In this paper, the integrated asset management technique was implemented to optimize the surface and well facilities of an oil field. Optimization of the production unit and using associated gases for different applications (compression, electricity generation and gas lift) were evaluated through simulation of 12 different scenarios. Both technical and economic terms were considered to compare the results. The following conclusions were obtained by using the IAM technique:

• By using the integrated asset management technique, different components of oil & gas fields are studied at the same time. Consequently, the long-term efficiency of the field will be increased and misunderstanding between different disciplines will be avoided. Moreover, this technique could be employed for a group of fields as a single package to increase the benefits and reduce the costs. Consequently, implementing the IAM technique overcomes the possible challenges of current step-by-step study of the fields, which is what is normally followed in the most companies. So, the governments (or other regulators) should review their policy about the procedure of studying hydrocarbon resources.

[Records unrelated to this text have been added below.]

lemma in_equivariant_model: "x \<in> equivariant_model G Br \<phi>r m Bl \<phi>l"
proof -
  obtain r L u where factorization: "\<forall>v<m. r v \<le> card Br \<and> (\<forall>c\<in>Pi\<^sub>E {..<m} Bl. \<forall>e\<in>Bl v.
      x (c(v := e)) = (\<Sum>j<r v. (\<Sum>d\<in>Bl v. L v j d * x (c(v := d))) * u v j e))"
    using flattening_factorization by blast
  define \<phi> where "\<phi> v = equivariant_lift G (\<phi>l v) (r v) (\<lambda>j e. L v j e / of_nat (card (carrier G)))" for v
  define \<psi> where "\<psi> v e p = equivariant_lift G (\<phi>l v) (r v) (u v) p e" for v e p
  have \<phi>: "equivariant_maps G m Bl \<phi>l (\<lambda>_. regn_basis G n) (\<lambda>_. regn_action G) \<phi>"
    unfolding equivariant_maps_def \<phi>_def using group_action.equivariant_lift_regn_action[OF Bl_action] by blast
  have \<psi>: "equivariant_maps G m (\<lambda>_. regn_basis G n) (\<lambda>_. regn_action G) Bl \<phi>l \<psi>"
    unfolding equivariant_maps_def \<psi>_def using group_action.equivariant_lift_regn_action[OF Bl_action] by blast
  have fin_RB: "finite (regn_basis G n)" using fin_G by (simp add: regn_basis_def)
  have "tensor_map m (\<lambda>_. regn_basis G n) Bl \<psi> (tensor_map m Bl (\<lambda>_. regn_basis G n) \<phi> x) =
      tensor_map m Bl Bl (\<lambda>v d e. \<Sum>p\<in>regn_basis G n. \<psi> v d p * \<phi> v p e) x"
    by (rule tensor_map_tensor_map) (rule fin_RB)
  also have "\<dots> = x"
  proof (rule tensor_map_fixed[OF fin_Bl x_aff])
    fix v c assume v: "v < m" and c: "c \<in> Pi\<^sub>E {..<m} Bl"
    have "r v \<le> card Br" and factor: "\<And>c e. c \<in> Pi\<^sub>E {..<m} Bl \<Longrightarrow> e \<in> Bl v \<Longrightarrow>
        x (c(v := e)) = (\<Sum>j<r v. (\<Sum>d\<in>Bl v. L v j d * x (c(v := d))) * u v j e)"
      using factorization v by auto
    moreover have "c v \<in> Bl v" using v c by auto
    ultimately have "(\<Sum>e\<in>Bl v. (\<Sum>p\<in>regn_basis G n. equivariant_lift G (\<phi>l v) (r v) (u v) p (c v) *
        equivariant_lift G (\<phi>l v) (r v) (\<lambda>j e. L v j e / of_nat (card (carrier G))) p e) * x (c(v := e))) =
      x (c(v := c v))"
      by (intro averaged_reproduction[OF _ v _ c]) auto
    then show "(\<Sum>e\<in>Bl v. (\<Sum>p\<in>regn_basis G n. \<psi> v (c v) p * \<phi> v p e) * x (c(v := e))) = x c"
      by (simp add: \<phi>_def \<psi>_def)
  qed
  finally have "tensor_map m (\<lambda>_. regn_basis G n) Bl \<psi> (tensor_map m Bl (\<lambda>_. regn_basis G n) \<phi> x) = x" .
  moreover have "tensor_map m (\<lambda>_. regn_basis G n) Bl \<psi> (tensor_map m Bl (\<lambda>_. regn_basis G n) \<phi> x) \<in>
      equivariant_model G Br \<phi>r m Bl \<phi>l"
    using fin_RB fin_Bl regn_action_bij[OF group]
    by (intro tensor_map_equivariant_model[OF _ _ _ \<psi> pushforward[OF \<phi>]]) auto
  ultimately show ?thesis by simp
qed

end

lemma equivariant_model_iff_pushforwards:
  fixes G :: "('g, 'z) monoid_scheme" and x :: "(nat \<Rightarrow> 'b) \<Rightarrow> 'k::field"
  assumes "group G" "finite (carrier G)" "of_nat (card (carrier G)) \<noteq> (0 :: 'k)"
    and "finite Br" "group_action G Br \<phi>r"
    and fin_Bl: "\<And>v. v < m \<Longrightarrow> finite (Bl v)" and Bl_action: "\<And>v. v < m \<Longrightarrow> group_action G (Bl v) (\<phi>l v)"
    and "card Br < n" "x \<in> aff_space (Pi\<^sub>E {..<m} Bl)"
  shows "x \<in> equivariant_model G Br \<phi>r m Bl \<phi>l \<longleftrightarrow>
    (\<forall>M. equivariant_maps G m Bl \<phi>l (\<lambda>_. regn_basis G n) (\<lambda>_. regn_action G) M \<longrightarrow>
      tensor_map m Bl (\<lambda>_. regn_basis G n) M x \<in>
        equivariant_model G Br \<phi>r m (\<lambda>_. regn_basis G n) (\<lambda>_. regn_action G))"
    (is "_ \<longleftrightarrow> ?pushforwards")
proof
  assume "x \<in> equivariant_model G Br \<phi>r m Bl \<phi>l"
  then show ?pushforwards
    using assms(2) fin_Bl group_action.action_bij[OF Bl_action]
    by (intro allI impI tensor_map_equivariant_model[of m Bl "\<lambda>_. regn_basis G n" G \<phi>l])
      (simp_all add: regn_basis_def)
next
  assume ?pushforwards
  then interpret pushforwards_in_model G Br \<phi>r m Bl \<phi>l n x
    using assms by (intro pushforwards_in_model.intro) simp_all
  show "x \<in> equivariant_model G Br \<phi>r m Bl \<phi>l" by (rule in_equivariant_model)
qed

• Although the incremental oil production by separator optimization might be small, the effect of separator pressure optimization might be as high as adding to the number of separator stages.

• Flaring the gas leads to negative environmental impacts and economic loss. Once the flaring was stopped, a greater amount of gas (as high as 20% in case 10) would be available to be sold. In case 10, almost 4.9 MMSCFD additional gas was produced compared to case 6 during the next 20 years. Also, this additional gas could be used for other applications.

• For each case, as the temperature varies between summer and winter, oil and gas production in these conditions differs significantly. The higher the temperature, the higher the gas to liquid ratio. So, a higher amount of gas would be produced in summer. As a result, for the cases, where the produced gas would be used for electricity generation, a higher amount of power be produced in summer.

• The gas lift system was concluded to be very effective to increase the economic benefits of the field. A substantial increase in oil production was observed by implementing gas lift for inactive wells. Associated gas was the source of gas for lifting purposes. A 30,000 MSCFD gas was designed to be used for artificial lift of nine inactive wells, and more than 7500 STB/D incremental oil was produced for all of the cases with the gas lift system.

• Different scenarios were studied through 12 cases. It was concluded that much greater annual income could be obtained by additional investment compared to the base case. Comparison of case 2 and 12 shows that if the initial increased investment is 159 million USD, incremental annual worth would increase 545 million USD.

• In most cases, payback period is less than 6 months and the invested money would be returned quickly. For instance, although the incremental capital costs of the case 12 are the highest, the payback period of this case is less than 4 months. The maximum value of annual worth (736.3 million USD) was obtained in this case.